The AI Literacy Crisis: Why This Matters Now
The gap between AI adoption and AI understanding has never been wider. Companies rush to integrate LLMs into products while developers copy-paste prompts without understanding why they work. Marketing materials promise magic; reality delivers confusion. And with the European AI Act now requiring organizations to ensure "a sufficient level of AI literacy among their staff," this isn't just an educational problem - it's becoming a compliance imperative.

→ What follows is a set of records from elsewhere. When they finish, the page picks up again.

(* Let $C\subseteq\mathbb{F}_q^n$ be a degenerated code. Then for any code $D\subseteq\mathbb{F}_q^n$, the code $C*D$ is degenerated.
   Context: Codes are $\mathbb{F}_q$-linear subspaces of $\mathbb{F}_q^n$; $C*D$ is the span of the componentwise products $\mathbf{c}*\mathbf{d}$. The stabiliser of a code $H$ is $\mathrm{Stab}(H)=\{\mathbf{x}\in\mathbb{F}_q^n:\mathbf{x}*H\subseteq H\}$. A code $H$ is degenerated if $\dim\mathrm{Stab}(H)>1$; equivalently (a known result), $H$ is a direct sum of nonzero subcodes with disjoint supports or every generator matrix of $H$ has a zero column. *)

theory Defs
  imports "HOL-Analysis.Analysis"
begin

text \<open>Vectors of F_q^n are modelled as 'a ^ 'n with 'a a finite field and 'n a finite
  index type of cardinality n. Multiplication on 'a ^ 'n is componentwise.\<close>

definition code :: "('a::field ^ 'n) set \<Rightarrow> bool" where
  "code C \<longleftrightarrow> vec.subspace C"

definition star_code :: "('a::field ^ 'n) set \<Rightarrow> ('a ^ 'n) set \<Rightarrow> ('a ^ 'n) set" where
  "star_code C D = vec.span {c * d | c d. c \<in> C \<and> d \<in> D}"

definition Stab :: "('a::field ^ 'n) set \<Rightarrow> ('a ^ 'n) set" where
  "Stab H = {x. \<forall>h\<in>H. x * h \<in> H}"

definition degenerated :: "('a::field ^ 'n) set \<Rightarrow> bool" where
  "degenerated H \<longleftrightarrow> vec.dim (Stab H) > 1"

end

theory Submission
  imports Defs
begin

text \<open>Multiplication by a fixed vector is linear, so a vector that stabilises \<open>C\<close>
  multiplies every generator \<open>c * d\<close> of \<open>C * D\<close> into another generator \<open>(x * c) * d\<close>
  and hence stabilises their span. Thus \<open>Stab C \<subseteq> Stab (C * D)\<close>, and the dimension
  of the stabiliser can only grow. Neither \<open>C\<close> nor \<open>D\<close> needs to be a subspace.\<close>

lemma linear_vec_mult_left: "Vector_Spaces.linear (*s) (*s) (\<lambda>y::'a::field^'n. x * y)"
  unfolding Vector_Spaces.linear_iff
  using vec.vector_space_axioms
  by (simp add: vec_eq_iff algebra_simps)

lemma vec_mult_span_subset:
  fixes x :: "'a::field^'n"
  assumes "(\<lambda>y. x * y) ` G \<subseteq> G"
  shows "(\<lambda>y. x * y) ` vec.span G \<subseteq> vec.span G"
proof -
  have "(\<lambda>y. x * y) ` vec.span G = vec.span ((\<lambda>y. x * y) ` G)"
    by (rule vec.linear_span_image[OF linear_vec_mult_left, symmetric])
  also have "\<dots> \<subseteq> vec.span G"
    using assms by (rule vec.span_mono)
  finally show ?thesis .
qed

lemma Stab_subset_Stab_star_code:
  fixes C D :: "('a::field ^ 'n) set"
  shows "Stab C \<subseteq> Stab (star_code C D)"
proof
  fix x assume "x \<in> Stab C"
  then have "x * c \<in> C" if "c \<in> C" for c
    using that by (simp add: Stab_def)
  then have "(\<lambda>y. x * y) ` {c * d | c d. c \<in> C \<and> d \<in> D} \<subseteq> {c * d | c d. c \<in> C \<and> d \<in> D}"
    by (auto simp flip: mult.assoc) blast
  then have "(\<lambda>y. x * y) ` star_code C D \<subseteq> star_code C D"
    unfolding star_code_def by (rule vec_mult_span_subset)
  then show "x \<in> Stab (star_code C D)"
    by (auto simp: Stab_def)
qed

theorem lemma6p5:
  fixes C D :: "('a::{field,finite} ^ 'n) set"
  assumes "code C" and "code D" and "degenerated C"
  shows "degenerated (star_code C D)"
proof -
  have "vec.dim (Stab C) \<le> vec.dim (Stab (star_code C D))"
    by (rule vec.dim_subset[OF Stab_subset_Stab_star_code])
  then show ?thesis
    using \<open>degenerated C\<close> unfolding degenerated_def by linarith
qed

end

To address this gap, we developed "AI Factory," an interactive game-based platform for teaching LLM concepts through hands-on experience. We built it primarily as an internal tool to teach our own colleagues and to explore what makes technical education actually work. But first, let's examine why traditional approaches are failing:
Traditional learning approaches are failing to close this gap: • Documentation assumes ML backgrounds and drowns readers in technical jargon • Tutorials oversimplify trivial examples that don't transfer to real problems • Conference talks inspire but rarely build the intuition needed for day-to-day work • Vendor marketing actively obscures how systems actually work
What's missing is embodied learning - the kind where you touch the parameters, break the system, and feel the consequences. This is exactly what the developed educational platform provides: a safe space to fail, experiment, and build genuine understanding through direct experience.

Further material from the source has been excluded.